### Entries shown ###
lemma basis_diff_tensor_mono:
  assumes bv: "set bv \<subseteq> {0, 1}" "bv \<noteq> replicate (length bv) 0"
  defines "ones \<equiv> replicate (length bv) 1"
  shows "basis_diff (W @ ones, tensor_mono (length W) bv e k) x
       = (\<Sum>i<length W. \<Sum>j\<le>W ! i. face_coeff W e i j *
            (if x = (face_deg i W @ ones, tensor_mono (length W) bv (face_mono i j W e) k) then 1 else 0))"
proof -
  define E where "E = tensor_mono (length W) bv e k"
  define T where "T i = (\<Sum>j\<le>(W @ ones) ! i. face_coeff (W @ ones) E i j *
      (if x = (face_deg i (W @ ones), face_mono i j (W @ ones) E) then 1 else 0))" for i
  have split: "{..<length (W @ ones)} = {..<length W} \<union> {length W..<length W + length bv}"
    by (auto simp: ones_def)
  have "basis_diff (W @ ones, E) x = (\<Sum>i<length W. T i) + (\<Sum>i\<in>{length W..<length W + length bv}. T i)"
    unfolding basis_diff_eq_sum_faces T_def split by (rule sum.union_disjoint) auto
  also have "(\<Sum>i\<in>{length W..<length W + length bv}. T i) = 0"
    unfolding T_def
    by (rule sum.neutral, intro ballI faces_of_degree_one_cancel) (auto simp: ones_def nth_append)
  also have "(\<Sum>i<length W. T i) = (\<Sum>i<length W. \<Sum>j\<le>W ! i. face_coeff W e i j *
            (if x = (face_deg i W @ ones, tensor_mono (length W) bv (face_mono i j W e) k) then 1 else 0))"
  proof (intro sum.cong refl)
    fix i j assume "i \<in> {..<length W}"
    then have i: "i < length W" by simp
    have faces: "face_mono i j (W @ ones) E = tensor_mono (length W) bv (face_mono i j W e) k" for j
      unfolding E_def ones_def using face_mono_tensor_mono[OF i bv] .
    have "face_mono i j (W @ ones) E (replicate (length (W @ ones)) 0)
        = face_mono i j W e (replicate (length W) 0)" for j
      unfolding faces using tensor_mono_at_zero[OF bv(2)] by (simp add: ones_def)
    then have "face_coeff (W @ ones) E i j = face_coeff W e i j" for j
      using i by (simp add: face_coeff_def nth_append)
    then show "T i = (\<Sum>j\<le>W ! i. face_coeff W e i j *
            (if x = (face_deg i W @ ones, tensor_mono (length W) bv (face_mono i j W e) k) then 1 else 0))"
      using i unfolding T_def faces by (simp add: nth_append face_deg_def list_update_append)
  qed
  finally show ?thesis by (simp add: E_def)
qed
(* Let $X_1,\dots,X_n$ be i.i.d. real random variables whose common distribution is symmetric about $\mu\in\mathbb{R}$ and satisfies $\mathbb{E}\big[|X_1-\mathbb{E}X_1|^{1+a}\big]=M<\infty$ for some $a\in(0,1]$. Take $m=2$, let $k\le n$ be an integer, $\tilde n=\lfloor n/k\rfloor$, let $R(\theta)$ be the one-sided resampled median-of-means rank defined in the context, and $U=\sup\{\theta: R(\theta)=1\}$. Then $$\mathbb{P}\Big(U-\mu>4(12M)^{1/(1+a)}\Big(\frac{1}{\tilde n}\Big)^{\frac{a}{1+a}}\Big)\le 2k\exp(-\tilde n/8)+2\exp(-k/8).$$
   Context: Blocks: for $\ell=1,\dots,k$ let $B_\ell=\{i\in[n]: i\equiv \ell \pmod k\}$. Median: for reals $y_1,\dots,y_k$ with order statistics $y_{(1)}\le\dots\le y_{(k)}$, $\mathrm{med}(y_1,\dots,y_k)=y_{(k/2)}$ if $k$ is even and $y_{(\lfloor k/2\rfloor+1)}$ if $k$ is odd. Median-of-means: $\widehat\mu(x_1,\dots,x_n)=\mathrm{med}\big(\frac{1}{|B_1|}\sum_{i\in B_1}x_i,\dots,\frac{1}{|B_k|}\sum_{i\in B_k}x_i\big)$. Randomization: $\alpha_{1,1},\dots,\alpha_{n,1}$ i.i.d. Rademacher signs independent of the data; $\pi$ a uniformly random permutation of $\{0,1\}$ independent of data and signs. For $\theta\in\mathbb{R}$: $\mathcal{D}_0(\theta)=(X_1,\dots,X_n)$, $\mathcal{D}_1(\theta)=(\alpha_{1,1}(X_1-\theta)+\theta,\dots,\alpha_{n,1}(X_n-\theta)+\theta)$; $S_j(\theta)=\widehat\mu(\mathcal{D}_j(\theta))-\theta$ for $j=0,1$. $S_0(\theta)\prec_\pi S_1(\theta)$ iff $S_0(\theta)<S_1(\theta)$, or $S_0(\theta)=S_1(\theta)$ and $\pi(0)<\pi(1)$. $R(\theta)=1+\mathbb{I}\big(S_0(\theta)\prec_\pi S_1(\theta)\big)$. The supremum of the empty set is $-\infty$. *)

theory Defs
  imports "HOL-Probability.Probability"
begin

text \<open>Median of y_1..y_k: the (k/2)-th order statistic for even k,
  the (floor(k/2)+1)-th for odd k (1-based), here 0-based list indices.\<close>
definition med :: "nat \<Rightarrow> (nat \<Rightarrow> real) \<Rightarrow> real" where
  "med k y = (let ys = sort (map y [1..<k+1]) in
                if even k then ys ! (k div 2 - 1) else ys ! (k div 2))"

definition block :: "nat \<Rightarrow> nat \<Rightarrow> nat \<Rightarrow> nat set" where
  "block n k l = {i \<in> {1..n}. i mod k = l mod k}"

definition mom :: "nat \<Rightarrow> nat \<Rightarrow> (nat \<Rightarrow> real) \<Rightarrow> real" where
  "mom n k x = med k (\<lambda>l. (\<Sum>i\<in>block n k l. x i) / real (card (block n k l)))"

text \<open>Rank R(theta) for data x, signs s, and tie-break bit p, where p means pi(0) < pi(1).\<close>
definition rmom_rank :: "nat \<Rightarrow> nat \<Rightarrow> (nat \<Rightarrow> real) \<Rightarrow> (nat \<Rightarrow> real) \<Rightarrow> bool \<Rightarrow> real \<Rightarrow> nat" where
  "rmom_rank n k x s p \<theta> =
     (let S0 = mom n k x - \<theta>;
          S1 = mom n k (\<lambda>i. s i * (x i - \<theta>) + \<theta>) - \<theta>
      in 1 + (if S0 < S1 \<or> (S0 = S1 \<and> p) then 1 else 0))"

text \<open>U = sup {theta : R(theta) = 1}, in the extended reals (sup of empty set = -infinity).\<close>
definition rmom_U :: "nat \<Rightarrow> nat \<Rightarrow> (nat \<Rightarrow> real) \<Rightarrow> (nat \<Rightarrow> real) \<Rightarrow> bool \<Rightarrow> ereal" where
  "rmom_U n k x s p = Sup (ereal ` {\<theta>. rmom_rank n k x s p \<theta> = 1})"

text \<open>Outer probability of a (possibly non-measurable) event; equals its probability when measurable.\<close>
definition outer_prob :: "'a measure \<Rightarrow> 'a set \<Rightarrow> real" where
  "outer_prob M E = Inf (measure M ` {A \<in> sets M. E \<inter> space M \<subseteq> A})"

end

theory Submission
  imports Defs
begin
###
Only the lines holding the word "unfolding" belong in the answer; copy them from the listing above.

    unfolding basis_diff_eq_sum_faces T_def split by (rule sum.union_disjoint) auto
    unfolding T_def
      unfolding E_def ones_def using face_mono_tensor_mono[OF i bv] .
      unfolding faces using tensor_mono_at_zero[OF bv(2)] by (simp add: ones_def)
      using i unfolding T_def faces by (simp add: nth_append face_deg_def list_update_append)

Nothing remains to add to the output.